As the game progresses, its other problems become more apparent. The music, while borrowing from the original soundtrack, is extremely repetitive. The dinosaurs have been weakened, in some cases severely, in transfer from the big screen to the game in physical ability. As well, the predators, especially the T-Rex, have become little more than ravenous eating machines that interrupt whatever you were doing every five minutes, as if they have a personal vendetta against the human characters. Them in mind, the character's depths range from little to none, mostly filling generic roles or just not being interesting altogether (if not both), which really hinders the story as it progresses and they do more important things. The script is bland, with most attempts at exposition or drama coming as forced, and most attempts at humor coming as dull, or worthy of rolling your eyes. This isn’t helped by the voice-acting’s mediocrity, though I wouldn’t be surprised if this was in part due to the lackluster writing.
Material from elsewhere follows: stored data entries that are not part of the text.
lemma sphere_integral_prod_dist_sq:
  fixes z :: "nat \<Rightarrow> complex" and x :: "nat \<Rightarrow> real^3"
  assumes "\<And>i. i < N \<Longrightarrow> norm (x i) = 1"
    and "\<And>i. i < N \<Longrightarrow> x i $ 3 \<noteq> 1"
    and "\<And>i. i < N \<Longrightarrow> stereo (x i) = z i"
  shows "sphere_integral (\<lambda>p. \<Prod>j<N. (norm (p - x j))\<^sup>2)
     = 4^N * (bw_norm N (\<Prod>j<N. [:- z j, 1:]))\<^sup>2 / ((real N + 1) * (\<Prod>j<N. 1 + (cmod (z j))\<^sup>2))"
proof -
  define K where "K = 4^N / (\<Prod>j<N. 1 + (cmod (z j))\<^sup>2)"
  define c where "c = coeff (\<Prod>j<N. [:- z j, 1:])"
  define d where "d = (\<lambda>t k. c k * complex_of_real (cos (t/2)^k * sin (t/2)^(N - k)))"
  define H where "H = (\<lambda>p. K * (cmod (\<Sum>k\<le>N. d (fst p) k * cis (real k * snd p)))\<^sup>2 * sin (fst p))"
  have "integral (cbox (0, 0) (pi, 2 * pi))
      (\<lambda>(t, f). (\<Prod>j<N. (norm (sphere_param t f - x j))\<^sup>2) * sin t)
      = integral (cbox (0, 0) (pi, 2 * pi)) H"
    by (intro integral_cong)
      (auto simp: H_def K_def d_def c_def prod_dist_sphere_param_sq[OF assms])
  also have "\<dots> = integral (cbox 0 pi) (\<lambda>t. integral (cbox 0 (2 * pi)) (\<lambda>f. H (t, f)))"
    by (rule integral_prod_continuous) (auto simp: H_def d_def intro!: continuous_intros)
  also have "(\<lambda>t. integral (cbox 0 (2 * pi)) (\<lambda>f. H (t, f)))
      = (\<lambda>t. \<Sum>k\<le>N. (2 * pi * K * (cmod (c k))\<^sup>2) * ((cos (t/2)^2)^k * (sin (t/2)^2)^(N - k) * sin t))"
  proof
    fix t
    have "(cmod (d t k))\<^sup>2 = (cmod (c k))\<^sup>2 * ((cos (t/2)^2)^k * (sin (t/2)^2)^(N - k))" for k
      unfolding d_def norm_mult norm_of_real
      by (simp add: power_mult_distrib power_abs flip: power_mult mult.commute)
    then have "(K * sin t) * (2 * pi * (\<Sum>k\<le>N. (cmod (d t k))\<^sup>2))
        = (\<Sum>k\<le>N. (2 * pi * K * (cmod (c k))\<^sup>2) * ((cos (t/2)^2)^k * (sin (t/2)^2)^(N - k) * sin t))"
      by (simp add: sum_distrib_left ac_simps)
    moreover have "((\<lambda>f. H (t, f)) has_integral (K * sin t) * (2 * pi * (\<Sum>k\<le>N. (cmod (d t k))\<^sup>2)))
        {0..2 * pi}"
      using has_integral_mult_right[OF has_integral_norm_trig_poly_sq, of "K * sin t"]
      by (simp add: H_def ac_simps)
    ultimately show "integral (cbox 0 (2 * pi)) (\<lambda>f. H (t, f))
        = (\<Sum>k\<le>N. (2 * pi * K * (cmod (c k))\<^sup>2) * ((cos (t/2)^2)^k * (sin (t/2)^2)^(N - k) * sin t))"
      by (simp add: integral_unique)
  qed
  also have "integral (cbox 0 pi) \<dots>
      = (\<Sum>k\<le>N. (2 * pi * K * (cmod (c k))\<^sup>2) * (2 / ((real N + 1) * real (N choose k))))"
    by (intro integral_unique has_integral_sum finite_atMost has_integral_mult_right)
      (simp add: has_integral_half_angle_binomial)
  also have "\<dots> = 4 * pi * K * (\<Sum>k\<le>N. (cmod (c k))\<^sup>2 / real (N choose k)) / (real N + 1)"
    by (simp add: sum_distrib_left sum_divide_distrib field_simps)
  also have "(\<Sum>k\<le>N. (cmod (c k))\<^sup>2 / real (N choose k)) = (bw_norm N (\<Prod>j<N. [:- z j, 1:]))\<^sup>2"
    unfolding bw_norm_def c_def by (simp add: sum_nonneg)
  finally show ?thesis unfolding sphere_integral_def K_def by simp
qed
All of these points end up being contributing factors to the main problem with this game: after a while, the story becomes a tedious march that you only want to get over to see it end, and you stop caring about most of the in-between. When the game’s premise is entirely built around the idea that Jurassic Park: The Game is essentially a long movie that requires an intermediate amount of “player” input to continue, it becomes an all-but fatal problem that cannot be remanded, let alone looked over.

Coming in, as a fan of Telltale, Jurassic Park and games in general, I really wanted this game to be as good as all factors said it should have been. On paper, any person who meets one of those three criteria has to at least have a positive outlook. Yet despite this, the game disappoints in every facet possible. Is it one of the worst ever made? Of course not. But to say it was at all satisfying would be a bold faced lie. If you're interested in the gameplay, you're better off picking something else. If you're interested in the story, you're better off reading a synopsis. And if you're interested in spending money on Jurassic Park: The Game after reading all of these negatives, then I have a couple of timeshares with your name on them.